● **TASK TO CARRY OUT**
Take each line of the data that contains the string "repaired" and copy it.

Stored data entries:
• • • •
(* In the setting described in the context, for every $j\ne i^*$ and every collection of nonnegative numbers $(G_i(\theta_b))_{i\ne i^b}$, $$\min_{\mathbf M\in\mathcal A_j}\sum_{(i,\theta_b)\in I(\mathbf M)}G_i(\theta_b)=\min_{\mathbf M\in\widetilde{\mathcal A}_j}\sum_{(i,\theta_b)\in I(\mathbf M)}G_i(\theta_b).$$
   Context: There are $k\ge2$ solutions and parameter values $\theta_1,\dots,\theta_B$ with probabilities $p_b\ge0$, $\sum_bp_b=1$. For each $b$ a unique conditional optimum $i^b\in\{1,\dots,k\}$ is given, and $i^*=\arg\max_i\sum_bp_b\mathbf 1\{i=i^b\}$ is assumed unique. Let $\mathcal M=\{\mathbf M\in\{0,1\}^{k\times B}:\mathbf M^\top\mathbf 1_k=\mathbf 1_B\}$ with entries $m_{i,b}$; $d_j(\mathbf M)=\sum_bp_bm_{i^*,b}-\sum_bp_bm_{j,b}$; $d_j=\sum_bp_b\mathbf 1\{i^*=i^b\}-\sum_bp_b\mathbf 1\{j=i^b\}$; $I(\mathbf M)=\{(i,\theta_b):m_{i,b}=1,i\ne i^b\}$; $\mathcal A_j=\{\mathbf M\in\mathcal M:d_j(\mathbf M)\le0\}$. Let $\Xi=\{(i,\theta_b):i\ne i^*,i\ne i^b\}$ and $\Xi^{\mathrm{adv}}=\{(i^*,\theta_b):i^b\ne i^*\}$. For $(i,\theta_b)\in\Xi\cup\Xi^{\mathrm{adv}}$ let $v_j[(i,\theta_b)]=p_b(\mathbf 1\{j=i\}-\mathbf 1\{j=i^b\}-\mathbf 1\{i^*=i\}+\mathbf 1\{i^*=i^b\})$ and $v_j[(i,\theta_b)]^+=\max\{v_j[(i,\theta_b)],0\}$. Define $\widetilde{\mathcal A}_j=\{\mathbf M\in\mathcal M:d_j-\sum_{(i,\theta_b)\in\Xi\cup\Xi^{\mathrm{adv}}}v_j[(i,\theta_b)]^+m_{i,b}\le0\}$. *)

theory Defs
  imports Complex_Main
begin

text \<open>Solutions are indexed by 0,...,k-1 and parameter values theta_b by b in 0,...,B-1.
A matrix M is a function nat => nat => real, with 0/1 entries for i<k, b<B,
zero outside that range, and every column summing to 1.\<close>

definition Mset :: "nat \<Rightarrow> nat \<Rightarrow> (nat \<Rightarrow> nat \<Rightarrow> real) set" where
  "Mset k B = {M. (\<forall>i b. M i b = 0 \<or> M i b = 1)
                 \<and> (\<forall>i b. (k \<le> i \<or> B \<le> b) \<longrightarrow> M i b = 0)
                 \<and> (\<forall>b<B. (\<Sum>i<k. M i b) = 1)}"

definition ind :: "bool \<Rightarrow> real" where
  "ind P = (if P then 1 else 0)"

definition dM :: "nat \<Rightarrow> (nat \<Rightarrow> real) \<Rightarrow> nat \<Rightarrow> nat \<Rightarrow> (nat \<Rightarrow> nat \<Rightarrow> real) \<Rightarrow> real" where
  "dM B p istar j M = (\<Sum>b<B. p b * M istar b) - (\<Sum>b<B. p b * M j b)"

definition d0 :: "nat \<Rightarrow> (nat \<Rightarrow> real) \<Rightarrow> (nat \<Rightarrow> nat) \<Rightarrow> nat \<Rightarrow> nat \<Rightarrow> real" where
  "d0 B p ib istar j = (\<Sum>b<B. p b * ind (istar = ib b)) - (\<Sum>b<B. p b * ind (j = ib b))"

definition Iset :: "nat \<Rightarrow> nat \<Rightarrow> (nat \<Rightarrow> nat) \<Rightarrow> (nat \<Rightarrow> nat \<Rightarrow> real) \<Rightarrow> (nat \<times> nat) set" where
  "Iset k B ib M = {(i, b). i < k \<and> b < B \<and> M i b = 1 \<and> i \<noteq> ib b}"

definition Aset :: "nat \<Rightarrow> nat \<Rightarrow> (nat \<Rightarrow> real) \<Rightarrow> nat \<Rightarrow> nat \<Rightarrow> (nat \<Rightarrow> nat \<Rightarrow> real) set" where
  "Aset k B p istar j = {M \<in> Mset k B. dM B p istar j M \<le> 0}"

definition Xi :: "nat \<Rightarrow> nat \<Rightarrow> (nat \<Rightarrow> nat) \<Rightarrow> nat \<Rightarrow> (nat \<times> nat) set" where
  "Xi k B ib istar = {(i, b). i < k \<and> b < B \<and> i \<noteq> istar \<and> i \<noteq> ib b}"

definition Xi_adv :: "nat \<Rightarrow> (nat \<Rightarrow> nat) \<Rightarrow> nat \<Rightarrow> (nat \<times> nat) set" where
  "Xi_adv B ib istar = {(i, b). i = istar \<and> b < B \<and> ib b \<noteq> istar}"

definition vj :: "(nat \<Rightarrow> real) \<Rightarrow> (nat \<Rightarrow> nat) \<Rightarrow> nat \<Rightarrow> nat \<Rightarrow> nat \<times> nat \<Rightarrow> real" where
  "vj p ib istar j ib_pair = (case ib_pair of (i, b) \<Rightarrow>
      p b * (ind (j = i) - ind (j = ib b) - ind (istar = i) + ind (istar = ib b)))"

definition Atilde :: "nat \<Rightarrow> nat \<Rightarrow> (nat \<Rightarrow> real) \<Rightarrow> (nat \<Rightarrow> nat) \<Rightarrow> nat \<Rightarrow> nat \<Rightarrow> (nat \<Rightarrow> nat \<Rightarrow> real) set" where
  "Atilde k B p ib istar j = {M \<in> Mset k B.
     d0 B p ib istar j
       - (\<Sum>(i, b) \<in> Xi k B ib istar \<union> Xi_adv B ib istar. max (vj p ib istar j (i, b)) 0 * M i b) \<le> 0}"

definition cost :: "nat \<Rightarrow> nat \<Rightarrow> (nat \<Rightarrow> nat) \<Rightarrow> (nat \<Rightarrow> nat \<Rightarrow> real) \<Rightarrow> (nat \<Rightarrow> nat \<Rightarrow> real) \<Rightarrow> real" where
  "cost k B ib G M = (\<Sum>(i, b) \<in> Iset k B ib M. G i b)"

end

theory Submission
  imports Defs
begin

(* Writing v for v_j, every M in \<M> satisfies d_j(M) = d_j - \<Sum>_{I(M)} v.  Since v \<le> v\<^sup>+, the
   set A_j is contained in A~_j, which gives one inequality between the minima.  Conversely, a
   matrix in A~_j can be repaired by sending every column whose incorrect entry has negative v
   back to its conditional optimum: this only removes incorrect entries, so the cost does not grow
   (G \<ge> 0), and the remaining ones satisfy \<Sum>_{I(M')} v = \<Sum>_{I(M)} v\<^sup>+, so the repaired
   matrix lies in A_j.  Nonemptiness of A_j is witnessed by always choosing j. *)

lemma Mset_entry_cases: "M \<in> Mset k B \<Longrightarrow> M i b = 0 \<or> M i b = 1"
  unfolding Mset_def by blast

lemma Mset_column_sum: "M \<in> Mset k B \<Longrightarrow> b < B \<Longrightarrow> (\<Sum>i<k. M i b) = 1"
  unfolding Mset_def by blast

lemma Mset_column_unique:
  assumes M: "M \<in> Mset k B" and "b < B" "i < k" "i' < k" "M i b = 1" "M i' b = 1"
  shows "i = i'"
proof (rule ccontr)
  assume "i \<noteq> i'"
  have "0 \<le> M x b" for x
    using Mset_entry_cases[OF M, of x b] by auto
  then have "(\<Sum>x\<in>{i, i'}. M x b) \<le> (\<Sum>x<k. M x b)"
    by (intro sum_mono2) (use assms in auto)
  also have "\<dots> = 1" using Mset_column_sum[OF M \<open>b < B\<close>] .
  finally show False using \<open>i \<noteq> i'\<close> assms by simp
qed

lemma Iset_subset: "Iset k B ib M \<subseteq> {..<k} \<times> {..<B}"
  unfolding Iset_def by auto

lemma finite_Iset: "finite (Iset k B ib M)"
  using finite_subset[OF Iset_subset] by blast

lemma sum_Iset_eq_sum_entries:
  assumes M: "M \<in> Mset k B" and vanish: "\<And>b. f (ib b) b = 0"
  shows "(\<Sum>(i, b) \<in> Iset k B ib M. f i b) = (\<Sum>b<B. \<Sum>i<k. M i b * f i b)"
proof -
  have "(\<Sum>(i, b) \<in> Iset k B ib M. f i b) = (\<Sum>(i, b) \<in> {..<k} \<times> {..<B}. M i b * f i b)"
  proof (rule sum.mono_neutral_cong_left[OF _ Iset_subset])
    show "\<forall>x \<in> {..<k} \<times> {..<B} - Iset k B ib M. (case x of (i, b) \<Rightarrow> M i b * f i b) = 0"
      using Mset_entry_cases[OF M] vanish by (fastforce simp: Iset_def)
  qed (auto simp: Iset_def)
  also have "\<dots> = (\<Sum>i<k. \<Sum>b<B. M i b * f i b)"
    by (simp add: sum.cartesian_product)
  finally show ?thesis by (simp add: sum.swap[of _ "{..<k}"])
qed

lemma vj_conditional_optimum [simp]: "vj p ib istar j (ib b, b) = 0"
  unfolding vj_def by simp

lemma sum_column_vj:
  assumes M: "M \<in> Mset k B" and b: "b < B" and istar: "istar < k" and j: "j < k"
  shows "(\<Sum>i<k. M i b * vj p ib istar j (i, b))
       = p b * (M j b - ind (j = ib b) - M istar b + ind (istar = ib b))"
proof -
  have row: "(\<Sum>i<k. M i b * ind (c = i)) = M c b" if "c < k" for c
  proof -
    have "(\<Sum>i<k. M i b * ind (c = i)) = (\<Sum>i<k. if c = i then M i b else 0)"
      by (rule sum.cong) (auto simp: ind_def)
    then show ?thesis
      using that by simp
  qed
  have column: "(\<Sum>i<k. M i b * x) = x" for x
    using Mset_column_sum[OF M b] by (simp add: sum_distrib_right[symmetric])
  show ?thesis
    unfolding vj_def
    by (simp add: algebra_simps sum.distrib sum_subtractf sum_distrib_left[symmetric]
        row[OF istar] row[OF j] column)
qed

lemma dM_eq_d0_minus_sum_vj:
  assumes M: "M \<in> Mset k B" and istar: "istar < k" and j: "j < k"
  shows "dM B p istar j M = d0 B p ib istar j - (\<Sum>x \<in> Iset k B ib M. vj p ib istar j x)"
proof -
  have "dM B p istar j M - d0 B p ib istar j
      = - (\<Sum>b<B. p b * (M j b - ind (j = ib b) - M istar b + ind (istar = ib b)))"
    unfolding dM_def d0_def by (simp add: algebra_simps sum_subtractf sum.distrib)
  also have "\<dots> = - (\<Sum>b<B. \<Sum>i<k. M i b * vj p ib istar j (i, b))"
    using sum_column_vj[OF M _ istar j] by simp
  also have "\<dots> = - (\<Sum>x \<in> Iset k B ib M. vj p ib istar j x)"
    using sum_Iset_eq_sum_entries[OF M, of "\<lambda>i b. vj p ib istar j (i, b)"] by simp
  finally show ?thesis by simp
qed

lemma Aset_eq:
  assumes "istar < k" "j < k"
  shows "Aset k B p istar j
       = {M \<in> Mset k B. d0 B p ib istar j - (\<Sum>x \<in> Iset k B ib M. vj p ib istar j x) \<le> 0}"
proof -
  have "dM B p istar j M = d0 B p ib istar j - (\<Sum>x \<in> Iset k B ib M. vj p ib istar j x)"
    if "M \<in> Mset k B" for M
    using dM_eq_d0_minus_sum_vj[OF that assms] .
  then show ?thesis
    unfolding Aset_def by auto
qed

lemma Xi_Un_Xi_adv:
  "istar < k \<Longrightarrow> Xi k B ib istar \<union> Xi_adv B ib istar = {(i, b). i < k \<and> b < B \<and> i \<noteq> ib b}"
  unfolding Xi_def Xi_adv_def by auto

lemma Atilde_eq:
  assumes istar: "istar < k"
  shows "Atilde k B p ib istar j
       = {M \<in> Mset k B. d0 B p ib istar j - (\<Sum>x \<in> Iset k B ib M. max (vj p ib istar j x) 0) \<le> 0}"
proof -
  have "(\<Sum>(i, b) \<in> Xi k B ib istar \<union> Xi_adv B ib istar. max (vj p ib istar j (i, b)) 0 * M i b)
      = (\<Sum>x \<in> Iset k B ib M. max (vj p ib istar j x) 0)" if M: "M \<in> Mset k B" for M
    unfolding Xi_Un_Xi_adv[OF istar]
  proof (rule sum.mono_neutral_cong_right)
    show "finite {(i, b). i < k \<and> b < B \<and> i \<noteq> ib b}"
      by (rule finite_subset[of _ "{..<k} \<times> {..<B}"]) auto
    show "\<forall>x \<in> {(i, b). i < k \<and> b < B \<and> i \<noteq> ib b} - Iset k B ib M.
            (case x of (i, b) \<Rightarrow> max (vj p ib istar j (i, b)) 0 * M i b) = 0"
      using Mset_entry_cases[OF M] by (fastforce simp: Iset_def)
  qed (auto simp: Iset_def)
  then show ?thesis
    unfolding Atilde_def by auto
qed

lemma Aset_subset_Atilde:
  assumes "istar < k" "j < k"
  shows "Aset k B p istar j \<subseteq> Atilde k B p ib istar j"
proof -
  have "(\<Sum>x \<in> Iset k B ib M. vj p ib istar j x) \<le> (\<Sum>x \<in> Iset k B ib M. max (vj p ib istar j x) 0)"
    for M by (rule sum_mono) simp
  then show ?thesis
    unfolding Aset_eq[OF assms, of B p ib] Atilde_eq[OF assms(1)]
    by (fastforce intro: order_trans)
qed

lemma Mset_restrict_Iset:
  assumes M: "M \<in> Mset k B" and ib: "\<forall>b<B. ib b < k"
  obtains M' where "M' \<in> Mset k B" and "Iset k B ib M' = {x \<in> Iset k B ib M. P x}"
proof
  define bad where "bad b \<longleftrightarrow> (\<exists>i. (i, b) \<in> Iset k B ib M \<and> \<not> P (i, b))" for b
  define M' where "M' i b = (if bad b then ind (i = ib b) else M i b)" for i b
  have bad_range: "bad b \<Longrightarrow> b < B" for b
    unfolding bad_def Iset_def by auto
  show "M' \<in> Mset k B"
    unfolding Mset_def
  proof (intro CollectI conjI allI impI)
    show "M' i b = 0 \<or> M' i b = 1" for i b
      using Mset_entry_cases[OF M] by (simp add: M'_def ind_def)
    show "M' i b = 0" if "k \<le> i \<or> B \<le> b" for i b
      using that M ib bad_range[of b] unfolding Mset_def M'_def ind_def by auto
    show "(\<Sum>i<k. M' i b) = 1" if "b < B" for b
      using Mset_column_sum[OF M that] ib that by (cases "bad b") (simp_all add: M'_def ind_def)
  qed
  have not_bad: "\<not> bad b" if "(i, b) \<in> Iset k B ib M" "P (i, b)" for i b
    using that Mset_column_unique[OF M] unfolding bad_def Iset_def by blast
  show "Iset k B ib M' = {x \<in> Iset k B ib M. P x}"
    using not_bad unfolding Iset_def M'_def bad_def ind_def by auto
qed

lemma Atilde_dominated_by_Aset:
  assumes M: "M \<in> Atilde k B p ib istar j"
    and ib: "\<forall>b<B. ib b < k" and istar: "istar < k" and j: "j < k"
  obtains M' where "M' \<in> Aset k B p istar j" and "Iset k B ib M' \<subseteq> Iset k B ib M"
proof -
  let ?v = "vj p ib istar j"
  have MM: "M \<in> Mset k B"
    using M unfolding Atilde_def by blast
  obtain M' where M': "M' \<in> Mset k B" and I': "Iset k B ib M' = {x \<in> Iset k B ib M. ?v x \<ge> 0}"
    by (rule Mset_restrict_Iset[OF MM ib])
  have "(\<Sum>x \<in> Iset k B ib M'. ?v x) = (\<Sum>x \<in> Iset k B ib M. max (?v x) 0)"
    unfolding I' by (rule sum.mono_neutral_cong_left) (auto simp: finite_Iset)
  moreover have "d0 B p ib istar j - (\<Sum>x \<in> Iset k B ib M. max (?v x) 0) \<le> 0"
    using M unfolding Atilde_eq[OF istar] by blast
  ultimately have "M' \<in> Aset k B p istar j"
    unfolding Aset_eq[OF istar j, of B p ib] using M' by simp
  then show ?thesis
    by (rule that) (use I' in blast)
qed

lemma cost_mono:
  assumes "Iset k B ib M' \<subseteq> Iset k B ib M" and "\<forall>i<k. \<forall>b<B. i \<noteq> ib b \<longrightarrow> G i b \<ge> 0"
  shows "cost k B ib G M' \<le> cost k B ib G M"
  unfolding cost_def
  by (rule sum_mono2[OF finite_Iset assms(1)]) (use assms(2) in \<open>auto simp: Iset_def\<close>)

lemma finite_cost_image: "finite (cost k B ib G ` X)"
proof (rule finite_subset)
  show "cost k B ib G ` X \<subseteq> (\<lambda>S. \<Sum>(i, b) \<in> S. G i b) ` Pow ({..<k} \<times> {..<B})"
    unfolding cost_def using Iset_subset by blast
qed simp

lemma always_j_in_Aset:
  assumes "j < k" "j \<noteq> istar" "(\<Sum>b<B. p b) = 1"
  shows "(\<lambda>i b. if b < B \<and> i = j then 1 else 0) \<in> Aset k B p istar j"
proof -
  have "(\<lambda>i b. if b < B \<and> i = j then 1 else 0) \<in> Mset k B"
    using assms(1) unfolding Mset_def by auto
  moreover have "dM B p istar j (\<lambda>i b. if b < B \<and> i = j then 1 else 0) = - 1"
    unfolding dM_def using assms(2,3) by simp
  ultimately show ?thesis
    unfolding Aset_def by simp
qed

lemma Min_image_eq_if_dominated:
  fixes f :: "'a \<Rightarrow> 'b::linorder"
  assumes "finite (f ` T)" "A \<subseteq> T" "A \<noteq> {}" "\<And>x. x \<in> T \<Longrightarrow> \<exists>y \<in> A. f y \<le> f x"
  shows "Min (f ` A) = Min (f ` T)"
proof (rule antisym)
  have "finite (f ` A)" "f ` T \<noteq> {}"
    using assms(1-3) finite_subset[of "f ` A" "f ` T"] by auto
  obtain x where "x \<in> T" "Min (f ` T) = f x"
    using Min_in[OF assms(1) \<open>f ` T \<noteq> {}\<close>] by blast
  with assms(4) \<open>finite (f ` A)\<close> show "Min (f ` A) \<le> Min (f ` T)"
    by (metis Min_le image_eqI order_trans)
  show "Min (f ` T) \<le> Min (f ` A)"
    using Min_antimono[OF image_mono[OF assms(2)]] assms(1,3) by blast
qed

theorem mainTheorem8:
  fixes k B :: nat and p :: "nat \<Rightarrow> real" and ib :: "nat \<Rightarrow> nat" and istar j :: nat
    and G :: "nat \<Rightarrow> nat \<Rightarrow> real"
  assumes "k \<ge> 2"
    and "\<forall>b<B. p b \<ge> 0"
    and "(\<Sum>b<B. p b) = 1"
    and "\<forall>b<B. ib b < k"
    and "istar < k"
    and "\<forall>i<k. i \<noteq> istar \<longrightarrow>
           (\<Sum>b<B. p b * ind (i = ib b)) < (\<Sum>b<B. p b * ind (istar = ib b))"
    and "j < k" and "j \<noteq> istar"
    and "\<forall>i<k. \<forall>b<B. i \<noteq> ib b \<longrightarrow> G i b \<ge> 0"
  shows "Min ((cost k B ib G) ` Aset k B p istar j)
           = Min ((cost k B ib G) ` Atilde k B p ib istar j)"
proof (rule Min_image_eq_if_dominated[OF finite_cost_image])
  show "Aset k B p istar j \<subseteq> Atilde k B p ib istar j"
    using Aset_subset_Atilde[OF assms(5,7)] .
  show "Aset k B p istar j \<noteq> {}"
    using always_j_in_Aset[OF assms(7,8,3)] by blast
  show "\<exists>M' \<in> Aset k B p istar j. cost k B ib G M' \<le> cost k B ib G M"
    if "M \<in> Atilde k B p ib istar j" for M
    using Atilde_dominated_by_Aset[OF that assms(4,5,7)] cost_mono[OF _ assms(9)] by metis
qed

end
• • • •
● **TASK SOLUTION**
   matrix in A~_j can be repaired by sending every column whose incorrect entry has negative v
   (G \<ge> 0), and the remaining ones satisfy \<Sum>_{I(M')} v = \<Sum>_{I(M)} v\<^sup>+, so the repaired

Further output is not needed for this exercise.